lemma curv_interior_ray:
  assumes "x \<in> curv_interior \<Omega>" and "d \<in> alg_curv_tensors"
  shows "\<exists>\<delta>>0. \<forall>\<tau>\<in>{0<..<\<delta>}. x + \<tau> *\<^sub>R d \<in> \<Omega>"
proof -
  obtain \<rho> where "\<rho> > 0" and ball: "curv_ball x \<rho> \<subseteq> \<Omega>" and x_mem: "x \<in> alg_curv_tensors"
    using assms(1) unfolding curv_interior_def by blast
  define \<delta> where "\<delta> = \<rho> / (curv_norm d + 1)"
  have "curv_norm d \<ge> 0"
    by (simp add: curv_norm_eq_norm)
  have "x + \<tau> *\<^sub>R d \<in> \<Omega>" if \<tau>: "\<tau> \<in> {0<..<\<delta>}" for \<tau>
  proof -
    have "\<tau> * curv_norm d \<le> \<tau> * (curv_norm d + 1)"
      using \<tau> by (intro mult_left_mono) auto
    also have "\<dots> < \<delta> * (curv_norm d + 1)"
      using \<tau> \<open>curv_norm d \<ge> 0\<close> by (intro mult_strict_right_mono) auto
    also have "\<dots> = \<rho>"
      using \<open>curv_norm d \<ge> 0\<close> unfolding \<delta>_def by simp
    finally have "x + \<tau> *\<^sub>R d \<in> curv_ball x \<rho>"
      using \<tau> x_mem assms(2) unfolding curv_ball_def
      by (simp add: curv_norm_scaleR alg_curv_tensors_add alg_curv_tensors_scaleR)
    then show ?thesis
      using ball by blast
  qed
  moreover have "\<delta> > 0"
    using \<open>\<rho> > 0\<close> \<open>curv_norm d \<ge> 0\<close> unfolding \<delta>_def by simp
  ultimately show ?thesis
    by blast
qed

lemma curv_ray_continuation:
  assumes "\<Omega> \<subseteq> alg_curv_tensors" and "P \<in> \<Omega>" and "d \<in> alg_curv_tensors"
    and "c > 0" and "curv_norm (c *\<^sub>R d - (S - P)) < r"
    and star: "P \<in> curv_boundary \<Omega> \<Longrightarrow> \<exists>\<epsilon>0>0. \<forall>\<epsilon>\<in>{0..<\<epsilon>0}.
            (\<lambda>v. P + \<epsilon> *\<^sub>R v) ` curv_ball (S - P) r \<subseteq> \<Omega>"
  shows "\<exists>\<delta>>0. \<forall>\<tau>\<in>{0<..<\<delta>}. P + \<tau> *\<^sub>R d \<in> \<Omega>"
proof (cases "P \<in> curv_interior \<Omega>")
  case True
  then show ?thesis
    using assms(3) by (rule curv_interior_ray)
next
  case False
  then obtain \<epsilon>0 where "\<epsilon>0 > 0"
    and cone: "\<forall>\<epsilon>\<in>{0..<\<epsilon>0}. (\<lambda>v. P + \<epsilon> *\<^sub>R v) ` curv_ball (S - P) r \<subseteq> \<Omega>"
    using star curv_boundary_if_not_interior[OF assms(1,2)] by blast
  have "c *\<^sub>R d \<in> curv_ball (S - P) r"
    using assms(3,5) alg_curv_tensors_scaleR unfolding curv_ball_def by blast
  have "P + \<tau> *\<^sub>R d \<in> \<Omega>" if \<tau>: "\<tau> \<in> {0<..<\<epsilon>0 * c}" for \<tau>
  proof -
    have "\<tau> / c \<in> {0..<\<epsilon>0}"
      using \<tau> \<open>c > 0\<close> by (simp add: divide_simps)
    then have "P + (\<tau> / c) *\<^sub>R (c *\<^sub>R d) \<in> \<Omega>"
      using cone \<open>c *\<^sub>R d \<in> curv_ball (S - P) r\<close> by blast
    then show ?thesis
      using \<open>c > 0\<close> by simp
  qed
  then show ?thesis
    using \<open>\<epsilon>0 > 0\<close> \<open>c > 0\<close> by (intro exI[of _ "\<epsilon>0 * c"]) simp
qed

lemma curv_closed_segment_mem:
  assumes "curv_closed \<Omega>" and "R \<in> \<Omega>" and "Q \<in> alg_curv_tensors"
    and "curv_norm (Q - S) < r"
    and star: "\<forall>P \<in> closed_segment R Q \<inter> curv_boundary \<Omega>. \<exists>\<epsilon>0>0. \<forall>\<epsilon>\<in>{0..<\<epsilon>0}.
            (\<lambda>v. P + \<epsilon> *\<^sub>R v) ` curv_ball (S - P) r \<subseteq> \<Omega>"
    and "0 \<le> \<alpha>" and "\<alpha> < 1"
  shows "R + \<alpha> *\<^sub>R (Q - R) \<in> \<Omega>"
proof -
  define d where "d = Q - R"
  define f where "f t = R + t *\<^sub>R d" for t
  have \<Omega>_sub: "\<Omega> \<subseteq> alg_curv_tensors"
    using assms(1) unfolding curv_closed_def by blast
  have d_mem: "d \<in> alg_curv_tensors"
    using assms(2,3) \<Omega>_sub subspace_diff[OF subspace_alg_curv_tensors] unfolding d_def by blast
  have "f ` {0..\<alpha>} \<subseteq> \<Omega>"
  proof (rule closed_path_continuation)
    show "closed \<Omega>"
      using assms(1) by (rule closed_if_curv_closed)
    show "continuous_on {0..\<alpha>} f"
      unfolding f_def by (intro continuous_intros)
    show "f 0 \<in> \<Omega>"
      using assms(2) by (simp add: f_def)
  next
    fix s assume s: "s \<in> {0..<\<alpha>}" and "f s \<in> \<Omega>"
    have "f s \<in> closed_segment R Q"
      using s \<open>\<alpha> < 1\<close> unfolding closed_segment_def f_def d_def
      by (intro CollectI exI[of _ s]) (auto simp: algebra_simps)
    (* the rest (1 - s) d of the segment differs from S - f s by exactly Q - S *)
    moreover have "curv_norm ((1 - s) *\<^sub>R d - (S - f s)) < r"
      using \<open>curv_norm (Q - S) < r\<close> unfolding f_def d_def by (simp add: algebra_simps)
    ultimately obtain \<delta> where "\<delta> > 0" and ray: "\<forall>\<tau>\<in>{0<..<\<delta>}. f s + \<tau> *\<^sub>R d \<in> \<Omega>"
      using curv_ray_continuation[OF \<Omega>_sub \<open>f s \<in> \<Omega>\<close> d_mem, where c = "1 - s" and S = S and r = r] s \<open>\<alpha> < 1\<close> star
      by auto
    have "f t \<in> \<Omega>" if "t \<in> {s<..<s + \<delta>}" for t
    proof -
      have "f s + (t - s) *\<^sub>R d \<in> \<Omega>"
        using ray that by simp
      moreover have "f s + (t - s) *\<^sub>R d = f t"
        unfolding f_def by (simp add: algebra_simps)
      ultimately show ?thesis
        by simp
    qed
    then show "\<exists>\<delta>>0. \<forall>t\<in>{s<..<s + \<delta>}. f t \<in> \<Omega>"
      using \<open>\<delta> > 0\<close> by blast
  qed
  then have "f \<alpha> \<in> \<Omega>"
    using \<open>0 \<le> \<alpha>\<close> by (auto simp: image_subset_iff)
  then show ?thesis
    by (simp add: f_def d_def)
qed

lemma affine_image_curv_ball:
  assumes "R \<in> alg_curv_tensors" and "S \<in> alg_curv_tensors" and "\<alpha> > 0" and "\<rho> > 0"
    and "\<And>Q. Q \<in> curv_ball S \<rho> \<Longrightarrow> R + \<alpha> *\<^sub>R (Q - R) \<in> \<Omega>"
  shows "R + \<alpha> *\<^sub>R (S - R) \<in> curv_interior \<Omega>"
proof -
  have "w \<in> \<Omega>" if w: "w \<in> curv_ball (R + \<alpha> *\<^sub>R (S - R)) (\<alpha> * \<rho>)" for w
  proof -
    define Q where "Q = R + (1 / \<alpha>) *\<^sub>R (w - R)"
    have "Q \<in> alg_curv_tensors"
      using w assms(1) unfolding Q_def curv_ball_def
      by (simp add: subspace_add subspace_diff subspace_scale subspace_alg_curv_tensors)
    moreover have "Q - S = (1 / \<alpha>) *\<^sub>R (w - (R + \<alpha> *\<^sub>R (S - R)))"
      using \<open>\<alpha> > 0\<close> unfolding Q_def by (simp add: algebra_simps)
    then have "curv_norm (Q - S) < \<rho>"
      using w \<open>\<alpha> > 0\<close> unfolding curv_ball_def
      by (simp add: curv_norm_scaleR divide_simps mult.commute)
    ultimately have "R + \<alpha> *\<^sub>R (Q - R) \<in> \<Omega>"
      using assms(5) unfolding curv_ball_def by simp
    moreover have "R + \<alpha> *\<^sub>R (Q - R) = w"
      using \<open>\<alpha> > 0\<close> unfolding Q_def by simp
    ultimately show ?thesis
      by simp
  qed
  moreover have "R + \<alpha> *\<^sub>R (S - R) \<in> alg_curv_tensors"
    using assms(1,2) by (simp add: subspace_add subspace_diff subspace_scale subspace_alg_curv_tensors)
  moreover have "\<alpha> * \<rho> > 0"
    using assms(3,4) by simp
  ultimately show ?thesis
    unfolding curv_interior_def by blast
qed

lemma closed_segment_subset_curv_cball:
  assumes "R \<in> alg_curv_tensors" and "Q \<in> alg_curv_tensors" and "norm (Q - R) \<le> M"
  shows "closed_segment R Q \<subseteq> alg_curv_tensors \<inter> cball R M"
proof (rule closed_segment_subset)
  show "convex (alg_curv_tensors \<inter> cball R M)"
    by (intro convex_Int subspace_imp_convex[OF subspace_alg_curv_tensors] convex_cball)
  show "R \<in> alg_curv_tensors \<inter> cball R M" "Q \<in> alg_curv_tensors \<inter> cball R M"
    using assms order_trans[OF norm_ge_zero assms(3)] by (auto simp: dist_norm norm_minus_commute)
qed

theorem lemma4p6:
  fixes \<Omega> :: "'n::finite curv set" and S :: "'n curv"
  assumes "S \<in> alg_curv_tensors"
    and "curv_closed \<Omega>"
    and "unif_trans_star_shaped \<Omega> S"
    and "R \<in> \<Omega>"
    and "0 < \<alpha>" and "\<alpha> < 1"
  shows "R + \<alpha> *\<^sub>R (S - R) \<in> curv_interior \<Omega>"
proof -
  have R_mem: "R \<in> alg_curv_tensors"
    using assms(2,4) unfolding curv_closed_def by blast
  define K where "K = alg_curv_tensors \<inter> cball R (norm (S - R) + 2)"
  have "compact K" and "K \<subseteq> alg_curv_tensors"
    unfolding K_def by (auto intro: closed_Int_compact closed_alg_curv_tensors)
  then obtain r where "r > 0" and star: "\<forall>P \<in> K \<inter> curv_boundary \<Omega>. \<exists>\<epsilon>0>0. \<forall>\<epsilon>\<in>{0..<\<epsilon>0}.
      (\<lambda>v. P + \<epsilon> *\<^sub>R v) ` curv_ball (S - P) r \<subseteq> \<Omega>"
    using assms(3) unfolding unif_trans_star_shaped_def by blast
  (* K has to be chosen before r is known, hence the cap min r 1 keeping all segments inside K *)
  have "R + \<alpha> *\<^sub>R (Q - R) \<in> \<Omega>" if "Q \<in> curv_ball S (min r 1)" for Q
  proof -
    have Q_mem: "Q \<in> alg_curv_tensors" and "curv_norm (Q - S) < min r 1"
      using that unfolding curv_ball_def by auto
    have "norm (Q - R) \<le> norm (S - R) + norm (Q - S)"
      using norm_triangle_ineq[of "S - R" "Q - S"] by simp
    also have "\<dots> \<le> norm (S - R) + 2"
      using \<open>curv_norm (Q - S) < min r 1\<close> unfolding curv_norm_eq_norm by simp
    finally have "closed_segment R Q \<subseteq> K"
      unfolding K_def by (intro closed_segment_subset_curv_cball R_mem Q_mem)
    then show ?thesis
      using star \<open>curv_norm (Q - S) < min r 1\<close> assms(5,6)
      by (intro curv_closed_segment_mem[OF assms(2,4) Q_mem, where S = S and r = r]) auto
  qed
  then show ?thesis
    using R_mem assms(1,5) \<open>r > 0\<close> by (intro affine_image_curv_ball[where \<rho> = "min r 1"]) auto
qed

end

..........

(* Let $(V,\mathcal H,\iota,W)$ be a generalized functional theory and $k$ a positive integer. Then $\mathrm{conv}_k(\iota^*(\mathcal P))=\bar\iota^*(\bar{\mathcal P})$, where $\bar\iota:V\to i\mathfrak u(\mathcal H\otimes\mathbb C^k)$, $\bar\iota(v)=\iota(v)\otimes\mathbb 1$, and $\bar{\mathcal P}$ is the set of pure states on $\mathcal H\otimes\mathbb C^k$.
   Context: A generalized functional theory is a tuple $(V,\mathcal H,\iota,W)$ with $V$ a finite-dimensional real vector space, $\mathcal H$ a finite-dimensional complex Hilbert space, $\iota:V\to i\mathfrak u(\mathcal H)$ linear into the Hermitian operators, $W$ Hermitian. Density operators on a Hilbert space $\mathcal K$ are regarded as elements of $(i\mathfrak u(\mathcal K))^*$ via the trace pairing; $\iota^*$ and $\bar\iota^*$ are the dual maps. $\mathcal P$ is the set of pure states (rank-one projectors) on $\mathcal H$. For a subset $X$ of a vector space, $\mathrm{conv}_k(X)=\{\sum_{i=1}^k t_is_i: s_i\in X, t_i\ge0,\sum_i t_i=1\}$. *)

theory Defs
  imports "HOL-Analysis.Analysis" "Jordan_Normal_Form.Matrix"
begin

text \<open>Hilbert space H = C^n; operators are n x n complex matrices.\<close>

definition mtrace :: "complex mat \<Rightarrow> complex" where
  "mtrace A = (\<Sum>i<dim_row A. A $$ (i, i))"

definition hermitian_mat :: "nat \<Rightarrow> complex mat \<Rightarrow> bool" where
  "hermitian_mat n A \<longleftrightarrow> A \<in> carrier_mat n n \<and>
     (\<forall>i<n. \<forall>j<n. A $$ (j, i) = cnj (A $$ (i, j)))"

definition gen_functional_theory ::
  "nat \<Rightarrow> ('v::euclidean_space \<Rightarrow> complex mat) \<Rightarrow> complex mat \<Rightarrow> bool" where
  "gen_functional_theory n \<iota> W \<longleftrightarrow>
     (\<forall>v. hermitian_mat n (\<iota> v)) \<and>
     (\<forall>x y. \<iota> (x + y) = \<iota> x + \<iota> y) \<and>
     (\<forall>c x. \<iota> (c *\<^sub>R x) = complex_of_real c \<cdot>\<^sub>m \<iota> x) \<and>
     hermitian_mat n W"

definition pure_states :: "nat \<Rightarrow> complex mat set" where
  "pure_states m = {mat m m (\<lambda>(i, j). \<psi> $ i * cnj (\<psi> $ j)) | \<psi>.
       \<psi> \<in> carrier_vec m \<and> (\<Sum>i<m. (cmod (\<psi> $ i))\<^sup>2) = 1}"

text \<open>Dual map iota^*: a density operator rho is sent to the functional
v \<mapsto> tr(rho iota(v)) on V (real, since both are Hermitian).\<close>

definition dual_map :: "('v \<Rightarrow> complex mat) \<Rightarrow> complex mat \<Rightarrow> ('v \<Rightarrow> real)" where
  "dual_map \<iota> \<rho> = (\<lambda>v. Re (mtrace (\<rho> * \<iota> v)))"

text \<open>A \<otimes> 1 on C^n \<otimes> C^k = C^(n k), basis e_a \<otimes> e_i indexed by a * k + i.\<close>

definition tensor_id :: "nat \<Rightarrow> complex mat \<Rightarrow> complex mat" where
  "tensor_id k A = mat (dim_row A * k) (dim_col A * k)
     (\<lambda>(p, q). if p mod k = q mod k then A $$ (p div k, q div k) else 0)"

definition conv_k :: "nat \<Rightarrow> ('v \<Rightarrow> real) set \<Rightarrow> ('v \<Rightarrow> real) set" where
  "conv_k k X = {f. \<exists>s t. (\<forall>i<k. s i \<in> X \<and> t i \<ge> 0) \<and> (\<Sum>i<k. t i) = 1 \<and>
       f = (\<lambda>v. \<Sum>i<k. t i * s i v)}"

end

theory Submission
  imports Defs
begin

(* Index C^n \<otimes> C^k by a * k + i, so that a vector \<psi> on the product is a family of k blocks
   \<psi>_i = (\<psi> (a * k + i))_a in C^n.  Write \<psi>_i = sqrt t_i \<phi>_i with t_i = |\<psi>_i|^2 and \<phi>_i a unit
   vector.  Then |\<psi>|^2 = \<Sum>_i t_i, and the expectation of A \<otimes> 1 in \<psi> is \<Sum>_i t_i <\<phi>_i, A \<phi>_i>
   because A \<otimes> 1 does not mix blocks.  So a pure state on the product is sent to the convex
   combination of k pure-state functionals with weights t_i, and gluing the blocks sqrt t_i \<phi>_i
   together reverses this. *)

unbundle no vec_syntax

..........

*TASK TO CARRY OUT*
Say only the number of lines of the data above in which the string "product" occurs.

*ANSWER FOR THIS EXERCISE*
2